Your task is to copy the lines of the data below from the line holding "unfolding det_def using" through the line holding "proof eventually_elim", inclusive, exactly and with nothing added.

+-------+

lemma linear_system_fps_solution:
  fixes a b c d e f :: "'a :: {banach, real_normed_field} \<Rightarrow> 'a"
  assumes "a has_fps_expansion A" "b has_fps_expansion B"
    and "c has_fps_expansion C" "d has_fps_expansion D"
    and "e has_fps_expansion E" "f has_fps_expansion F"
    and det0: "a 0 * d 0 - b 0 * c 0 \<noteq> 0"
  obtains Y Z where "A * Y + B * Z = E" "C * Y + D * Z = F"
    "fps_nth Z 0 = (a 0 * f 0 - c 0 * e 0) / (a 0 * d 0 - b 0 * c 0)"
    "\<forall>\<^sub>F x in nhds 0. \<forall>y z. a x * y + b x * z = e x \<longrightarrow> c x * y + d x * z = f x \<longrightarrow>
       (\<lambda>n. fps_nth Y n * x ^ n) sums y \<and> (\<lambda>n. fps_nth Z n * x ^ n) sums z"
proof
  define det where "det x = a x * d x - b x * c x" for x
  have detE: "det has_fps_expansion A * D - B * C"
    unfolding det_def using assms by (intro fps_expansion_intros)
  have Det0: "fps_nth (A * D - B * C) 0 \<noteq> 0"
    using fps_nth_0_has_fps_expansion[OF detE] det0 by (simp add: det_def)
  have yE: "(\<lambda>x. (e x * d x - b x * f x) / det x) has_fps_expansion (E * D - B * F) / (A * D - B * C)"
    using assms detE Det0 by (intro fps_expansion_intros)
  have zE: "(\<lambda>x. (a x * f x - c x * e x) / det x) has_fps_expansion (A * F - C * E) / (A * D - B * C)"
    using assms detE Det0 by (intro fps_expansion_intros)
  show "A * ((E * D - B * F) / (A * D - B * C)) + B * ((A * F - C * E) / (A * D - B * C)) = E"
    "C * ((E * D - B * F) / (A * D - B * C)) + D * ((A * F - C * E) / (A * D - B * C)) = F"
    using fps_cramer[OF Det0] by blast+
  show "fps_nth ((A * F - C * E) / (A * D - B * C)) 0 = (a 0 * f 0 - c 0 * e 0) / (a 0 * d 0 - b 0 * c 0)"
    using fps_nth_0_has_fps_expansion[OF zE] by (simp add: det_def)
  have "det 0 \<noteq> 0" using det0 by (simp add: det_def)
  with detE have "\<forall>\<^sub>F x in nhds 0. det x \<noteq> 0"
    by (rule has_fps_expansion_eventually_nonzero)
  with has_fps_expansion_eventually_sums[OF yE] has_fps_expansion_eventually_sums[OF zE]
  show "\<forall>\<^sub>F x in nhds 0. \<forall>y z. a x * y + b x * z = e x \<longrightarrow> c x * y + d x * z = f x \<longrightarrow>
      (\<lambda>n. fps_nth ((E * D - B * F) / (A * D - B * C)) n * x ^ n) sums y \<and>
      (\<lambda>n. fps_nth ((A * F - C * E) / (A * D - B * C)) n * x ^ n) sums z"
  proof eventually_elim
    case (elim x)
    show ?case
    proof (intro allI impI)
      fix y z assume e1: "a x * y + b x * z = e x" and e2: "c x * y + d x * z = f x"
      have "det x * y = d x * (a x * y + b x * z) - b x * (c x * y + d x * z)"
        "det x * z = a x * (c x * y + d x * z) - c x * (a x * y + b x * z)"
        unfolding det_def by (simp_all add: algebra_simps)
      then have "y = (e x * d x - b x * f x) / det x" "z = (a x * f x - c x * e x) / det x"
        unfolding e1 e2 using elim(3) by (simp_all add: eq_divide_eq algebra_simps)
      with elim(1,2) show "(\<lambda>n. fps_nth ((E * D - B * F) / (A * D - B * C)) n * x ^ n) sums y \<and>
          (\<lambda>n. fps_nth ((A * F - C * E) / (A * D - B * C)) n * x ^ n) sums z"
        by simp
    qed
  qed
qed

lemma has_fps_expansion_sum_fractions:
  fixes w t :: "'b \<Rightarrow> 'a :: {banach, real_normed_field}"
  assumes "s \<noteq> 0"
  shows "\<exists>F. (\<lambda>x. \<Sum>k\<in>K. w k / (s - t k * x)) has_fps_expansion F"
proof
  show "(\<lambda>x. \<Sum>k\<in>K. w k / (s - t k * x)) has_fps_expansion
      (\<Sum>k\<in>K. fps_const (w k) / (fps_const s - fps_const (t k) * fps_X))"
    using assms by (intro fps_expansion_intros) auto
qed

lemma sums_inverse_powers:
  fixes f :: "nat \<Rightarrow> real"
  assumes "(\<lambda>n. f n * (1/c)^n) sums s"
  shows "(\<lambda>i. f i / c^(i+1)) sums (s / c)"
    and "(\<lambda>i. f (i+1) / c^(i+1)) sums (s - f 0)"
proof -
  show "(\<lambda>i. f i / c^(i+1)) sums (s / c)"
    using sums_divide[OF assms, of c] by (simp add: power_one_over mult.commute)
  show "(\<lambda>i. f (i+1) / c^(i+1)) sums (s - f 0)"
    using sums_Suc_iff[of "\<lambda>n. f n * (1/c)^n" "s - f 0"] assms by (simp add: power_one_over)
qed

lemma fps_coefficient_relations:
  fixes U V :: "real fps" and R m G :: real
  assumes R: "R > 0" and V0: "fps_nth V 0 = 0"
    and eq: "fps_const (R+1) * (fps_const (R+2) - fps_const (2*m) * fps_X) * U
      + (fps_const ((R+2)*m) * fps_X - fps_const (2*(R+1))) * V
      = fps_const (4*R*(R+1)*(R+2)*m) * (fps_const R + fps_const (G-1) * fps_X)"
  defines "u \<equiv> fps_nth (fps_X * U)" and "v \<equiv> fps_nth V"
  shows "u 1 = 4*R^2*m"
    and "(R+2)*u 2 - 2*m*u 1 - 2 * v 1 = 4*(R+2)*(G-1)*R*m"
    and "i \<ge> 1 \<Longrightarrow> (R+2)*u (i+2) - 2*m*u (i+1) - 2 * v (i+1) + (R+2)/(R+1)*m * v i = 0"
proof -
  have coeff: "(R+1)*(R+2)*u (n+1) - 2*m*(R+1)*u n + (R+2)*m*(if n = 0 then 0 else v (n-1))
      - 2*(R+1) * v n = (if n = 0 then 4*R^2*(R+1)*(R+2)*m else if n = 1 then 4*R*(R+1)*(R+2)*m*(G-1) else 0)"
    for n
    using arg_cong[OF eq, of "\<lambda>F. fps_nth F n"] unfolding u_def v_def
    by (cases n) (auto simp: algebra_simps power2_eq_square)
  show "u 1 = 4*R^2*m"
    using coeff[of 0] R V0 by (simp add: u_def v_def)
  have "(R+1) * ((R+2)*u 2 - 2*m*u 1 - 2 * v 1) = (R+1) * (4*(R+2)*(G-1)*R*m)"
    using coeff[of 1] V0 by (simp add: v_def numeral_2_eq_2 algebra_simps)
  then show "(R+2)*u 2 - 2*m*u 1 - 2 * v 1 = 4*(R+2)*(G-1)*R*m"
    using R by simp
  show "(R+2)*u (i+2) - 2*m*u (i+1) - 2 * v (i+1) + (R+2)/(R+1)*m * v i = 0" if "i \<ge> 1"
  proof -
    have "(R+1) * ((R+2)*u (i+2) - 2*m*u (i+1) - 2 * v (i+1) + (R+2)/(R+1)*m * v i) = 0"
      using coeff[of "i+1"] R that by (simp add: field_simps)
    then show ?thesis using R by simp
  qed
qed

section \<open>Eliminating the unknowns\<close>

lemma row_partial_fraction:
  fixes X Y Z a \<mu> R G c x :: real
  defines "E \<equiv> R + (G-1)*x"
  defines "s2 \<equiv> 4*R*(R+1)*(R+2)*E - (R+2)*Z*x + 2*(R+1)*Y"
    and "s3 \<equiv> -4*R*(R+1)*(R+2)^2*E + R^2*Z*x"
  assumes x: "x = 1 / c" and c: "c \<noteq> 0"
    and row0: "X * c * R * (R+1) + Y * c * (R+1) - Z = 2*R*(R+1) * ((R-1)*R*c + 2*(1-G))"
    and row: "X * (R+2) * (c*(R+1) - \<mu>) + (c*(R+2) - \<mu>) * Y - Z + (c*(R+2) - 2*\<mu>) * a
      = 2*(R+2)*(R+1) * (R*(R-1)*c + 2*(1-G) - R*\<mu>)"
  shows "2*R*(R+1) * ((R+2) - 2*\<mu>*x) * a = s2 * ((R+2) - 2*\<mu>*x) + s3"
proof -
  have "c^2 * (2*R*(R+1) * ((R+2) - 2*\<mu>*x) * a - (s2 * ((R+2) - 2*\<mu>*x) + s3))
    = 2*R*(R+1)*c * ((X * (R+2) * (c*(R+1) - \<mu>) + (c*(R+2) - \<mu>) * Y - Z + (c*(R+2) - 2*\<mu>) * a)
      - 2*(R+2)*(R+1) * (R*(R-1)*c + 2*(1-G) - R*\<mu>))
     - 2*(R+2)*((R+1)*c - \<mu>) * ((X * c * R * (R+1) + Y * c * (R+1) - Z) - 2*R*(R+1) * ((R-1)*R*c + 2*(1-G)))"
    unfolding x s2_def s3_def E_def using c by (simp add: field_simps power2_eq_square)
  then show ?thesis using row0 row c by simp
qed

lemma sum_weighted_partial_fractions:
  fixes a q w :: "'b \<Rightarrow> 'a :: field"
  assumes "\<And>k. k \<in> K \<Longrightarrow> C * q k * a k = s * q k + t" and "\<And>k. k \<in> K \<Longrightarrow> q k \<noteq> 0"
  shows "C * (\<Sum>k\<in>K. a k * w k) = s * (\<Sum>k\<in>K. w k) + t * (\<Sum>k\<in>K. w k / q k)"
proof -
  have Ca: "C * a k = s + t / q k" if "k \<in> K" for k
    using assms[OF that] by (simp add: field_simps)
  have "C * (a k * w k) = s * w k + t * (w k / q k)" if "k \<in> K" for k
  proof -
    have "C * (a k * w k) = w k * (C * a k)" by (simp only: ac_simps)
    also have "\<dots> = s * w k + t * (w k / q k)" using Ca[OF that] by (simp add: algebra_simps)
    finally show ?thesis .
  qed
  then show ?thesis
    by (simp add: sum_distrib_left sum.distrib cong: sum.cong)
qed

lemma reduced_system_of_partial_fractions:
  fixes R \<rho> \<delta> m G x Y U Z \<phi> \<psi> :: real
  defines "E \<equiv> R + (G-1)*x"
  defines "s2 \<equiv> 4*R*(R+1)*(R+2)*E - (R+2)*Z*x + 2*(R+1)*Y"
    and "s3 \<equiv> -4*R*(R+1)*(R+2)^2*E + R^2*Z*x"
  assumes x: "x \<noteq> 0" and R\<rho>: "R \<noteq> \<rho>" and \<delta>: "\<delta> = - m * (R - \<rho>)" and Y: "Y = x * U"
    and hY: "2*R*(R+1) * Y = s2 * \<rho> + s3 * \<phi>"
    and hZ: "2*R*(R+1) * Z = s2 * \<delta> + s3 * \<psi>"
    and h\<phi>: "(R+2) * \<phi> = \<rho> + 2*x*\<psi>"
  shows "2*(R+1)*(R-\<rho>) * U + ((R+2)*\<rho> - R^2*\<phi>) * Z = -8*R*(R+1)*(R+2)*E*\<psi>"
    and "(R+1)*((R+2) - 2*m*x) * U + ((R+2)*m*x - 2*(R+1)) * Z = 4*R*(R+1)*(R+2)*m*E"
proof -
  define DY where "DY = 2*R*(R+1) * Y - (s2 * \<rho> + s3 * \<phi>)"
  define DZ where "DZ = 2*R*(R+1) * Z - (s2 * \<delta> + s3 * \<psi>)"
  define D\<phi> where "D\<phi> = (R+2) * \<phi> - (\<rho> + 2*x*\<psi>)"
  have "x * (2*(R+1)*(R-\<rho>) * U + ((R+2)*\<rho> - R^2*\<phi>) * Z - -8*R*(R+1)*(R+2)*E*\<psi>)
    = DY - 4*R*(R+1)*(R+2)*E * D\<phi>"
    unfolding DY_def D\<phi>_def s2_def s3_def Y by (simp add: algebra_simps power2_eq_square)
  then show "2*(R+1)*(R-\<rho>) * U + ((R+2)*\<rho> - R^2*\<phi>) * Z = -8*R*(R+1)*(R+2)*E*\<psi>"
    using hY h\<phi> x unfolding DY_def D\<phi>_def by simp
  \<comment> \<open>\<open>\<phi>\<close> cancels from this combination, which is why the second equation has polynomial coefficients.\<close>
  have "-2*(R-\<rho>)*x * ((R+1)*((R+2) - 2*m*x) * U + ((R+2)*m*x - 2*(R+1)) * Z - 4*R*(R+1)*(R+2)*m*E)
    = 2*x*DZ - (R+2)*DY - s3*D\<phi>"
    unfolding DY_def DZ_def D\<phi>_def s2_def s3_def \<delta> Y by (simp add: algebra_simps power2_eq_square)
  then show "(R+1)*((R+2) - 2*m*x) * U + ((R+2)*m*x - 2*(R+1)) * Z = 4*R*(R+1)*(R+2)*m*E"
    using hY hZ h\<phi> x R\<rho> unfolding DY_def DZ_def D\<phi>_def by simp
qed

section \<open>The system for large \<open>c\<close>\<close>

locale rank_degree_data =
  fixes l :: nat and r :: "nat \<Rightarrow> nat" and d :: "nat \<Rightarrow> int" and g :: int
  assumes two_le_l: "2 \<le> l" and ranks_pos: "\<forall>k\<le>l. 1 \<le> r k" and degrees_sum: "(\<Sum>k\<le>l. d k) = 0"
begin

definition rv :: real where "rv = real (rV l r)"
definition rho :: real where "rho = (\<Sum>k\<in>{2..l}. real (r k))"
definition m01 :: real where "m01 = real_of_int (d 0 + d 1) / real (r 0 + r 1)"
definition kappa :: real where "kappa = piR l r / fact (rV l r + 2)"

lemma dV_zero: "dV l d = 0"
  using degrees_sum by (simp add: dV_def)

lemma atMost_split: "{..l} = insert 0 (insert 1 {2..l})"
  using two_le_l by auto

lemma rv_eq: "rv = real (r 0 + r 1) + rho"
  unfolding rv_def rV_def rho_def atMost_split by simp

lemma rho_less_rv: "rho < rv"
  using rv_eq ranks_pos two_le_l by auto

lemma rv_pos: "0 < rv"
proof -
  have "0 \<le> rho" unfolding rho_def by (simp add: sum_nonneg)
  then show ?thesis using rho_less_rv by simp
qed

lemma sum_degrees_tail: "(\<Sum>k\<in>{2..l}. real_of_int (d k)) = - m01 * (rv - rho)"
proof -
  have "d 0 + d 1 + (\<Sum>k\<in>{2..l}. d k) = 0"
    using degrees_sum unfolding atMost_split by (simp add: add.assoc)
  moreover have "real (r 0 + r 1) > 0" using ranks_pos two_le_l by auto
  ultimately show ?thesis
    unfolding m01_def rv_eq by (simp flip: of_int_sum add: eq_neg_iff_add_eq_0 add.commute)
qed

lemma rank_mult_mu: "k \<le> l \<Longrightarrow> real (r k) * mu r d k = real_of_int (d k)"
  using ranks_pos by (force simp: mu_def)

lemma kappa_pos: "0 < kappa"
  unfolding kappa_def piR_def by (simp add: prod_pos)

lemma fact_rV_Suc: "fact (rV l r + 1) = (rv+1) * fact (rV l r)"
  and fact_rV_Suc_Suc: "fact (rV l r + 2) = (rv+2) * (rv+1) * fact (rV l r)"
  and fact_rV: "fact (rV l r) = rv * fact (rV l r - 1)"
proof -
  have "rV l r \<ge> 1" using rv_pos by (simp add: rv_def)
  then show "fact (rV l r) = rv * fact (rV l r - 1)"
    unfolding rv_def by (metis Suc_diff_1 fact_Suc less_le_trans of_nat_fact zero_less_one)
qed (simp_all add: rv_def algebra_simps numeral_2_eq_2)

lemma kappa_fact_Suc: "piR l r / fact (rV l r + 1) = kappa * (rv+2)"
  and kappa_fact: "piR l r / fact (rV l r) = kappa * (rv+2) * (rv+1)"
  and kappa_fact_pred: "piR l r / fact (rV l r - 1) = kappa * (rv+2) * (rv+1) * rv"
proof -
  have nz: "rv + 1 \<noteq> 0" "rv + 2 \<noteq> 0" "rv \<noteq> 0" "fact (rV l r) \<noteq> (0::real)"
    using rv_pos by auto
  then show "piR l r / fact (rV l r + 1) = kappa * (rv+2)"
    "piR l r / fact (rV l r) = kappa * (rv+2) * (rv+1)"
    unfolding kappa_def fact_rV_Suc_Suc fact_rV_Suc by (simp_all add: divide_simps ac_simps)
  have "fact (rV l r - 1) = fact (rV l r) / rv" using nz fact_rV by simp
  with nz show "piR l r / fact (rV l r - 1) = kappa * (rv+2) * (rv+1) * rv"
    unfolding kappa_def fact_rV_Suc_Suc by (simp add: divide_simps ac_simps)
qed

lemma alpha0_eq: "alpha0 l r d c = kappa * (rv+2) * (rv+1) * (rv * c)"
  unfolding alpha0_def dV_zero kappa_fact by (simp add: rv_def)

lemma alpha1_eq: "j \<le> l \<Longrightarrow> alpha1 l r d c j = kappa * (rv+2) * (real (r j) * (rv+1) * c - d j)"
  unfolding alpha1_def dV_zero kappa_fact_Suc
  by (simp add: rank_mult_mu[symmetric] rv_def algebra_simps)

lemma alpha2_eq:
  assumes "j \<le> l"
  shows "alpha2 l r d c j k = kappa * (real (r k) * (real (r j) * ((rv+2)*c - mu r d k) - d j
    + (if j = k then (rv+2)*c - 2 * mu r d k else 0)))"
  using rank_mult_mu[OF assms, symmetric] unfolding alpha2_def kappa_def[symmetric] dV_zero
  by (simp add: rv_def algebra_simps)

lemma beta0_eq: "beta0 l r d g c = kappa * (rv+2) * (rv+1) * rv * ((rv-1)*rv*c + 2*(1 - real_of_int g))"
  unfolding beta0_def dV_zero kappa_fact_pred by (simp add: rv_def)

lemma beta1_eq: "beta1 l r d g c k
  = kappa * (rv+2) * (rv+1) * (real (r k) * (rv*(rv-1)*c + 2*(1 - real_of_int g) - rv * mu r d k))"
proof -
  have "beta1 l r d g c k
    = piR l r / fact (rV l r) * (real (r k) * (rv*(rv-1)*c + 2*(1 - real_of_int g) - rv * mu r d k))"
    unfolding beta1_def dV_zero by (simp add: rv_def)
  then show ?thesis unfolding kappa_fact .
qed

+-------+

Written answer:
    unfolding det_def using assms by (intro fps_expansion_intros)
  have Det0: "fps_nth (A * D - B * C) 0 \<noteq> 0"
    using fps_nth_0_has_fps_expansion[OF detE] det0 by (simp add: det_def)
  have yE: "(\<lambda>x. (e x * d x - b x * f x) / det x) has_fps_expansion (E * D - B * F) / (A * D - B * C)"
    using assms detE Det0 by (intro fps_expansion_intros)
  have zE: "(\<lambda>x. (a x * f x - c x * e x) / det x) has_fps_expansion (A * F - C * E) / (A * D - B * C)"
    using assms detE Det0 by (intro fps_expansion_intros)
  show "A * ((E * D - B * F) / (A * D - B * C)) + B * ((A * F - C * E) / (A * D - B * C)) = E"
    "C * ((E * D - B * F) / (A * D - B * C)) + D * ((A * F - C * E) / (A * D - B * C)) = F"
    using fps_cramer[OF Det0] by blast+
  show "fps_nth ((A * F - C * E) / (A * D - B * C)) 0 = (a 0 * f 0 - c 0 * e 0) / (a 0 * d 0 - b 0 * c 0)"
    using fps_nth_0_has_fps_expansion[OF zE] by (simp add: det_def)
  have "det 0 \<noteq> 0" using det0 by (simp add: det_def)
  with detE have "\<forall>\<^sub>F x in nhds 0. det x \<noteq> 0"
    by (rule has_fps_expansion_eventually_nonzero)
  with has_fps_expansion_eventually_sums[OF yE] has_fps_expansion_eventually_sums[OF zE]
  show "\<forall>\<^sub>F x in nhds 0. \<forall>y z. a x * y + b x * z = e x \<longrightarrow> c x * y + d x * z = f x \<longrightarrow>
      (\<lambda>n. fps_nth ((E * D - B * F) / (A * D - B * C)) n * x ^ n) sums y \<and>
      (\<lambda>n. fps_nth ((A * F - C * E) / (A * D - B * C)) n * x ^ n) sums z"
  proof eventually_elim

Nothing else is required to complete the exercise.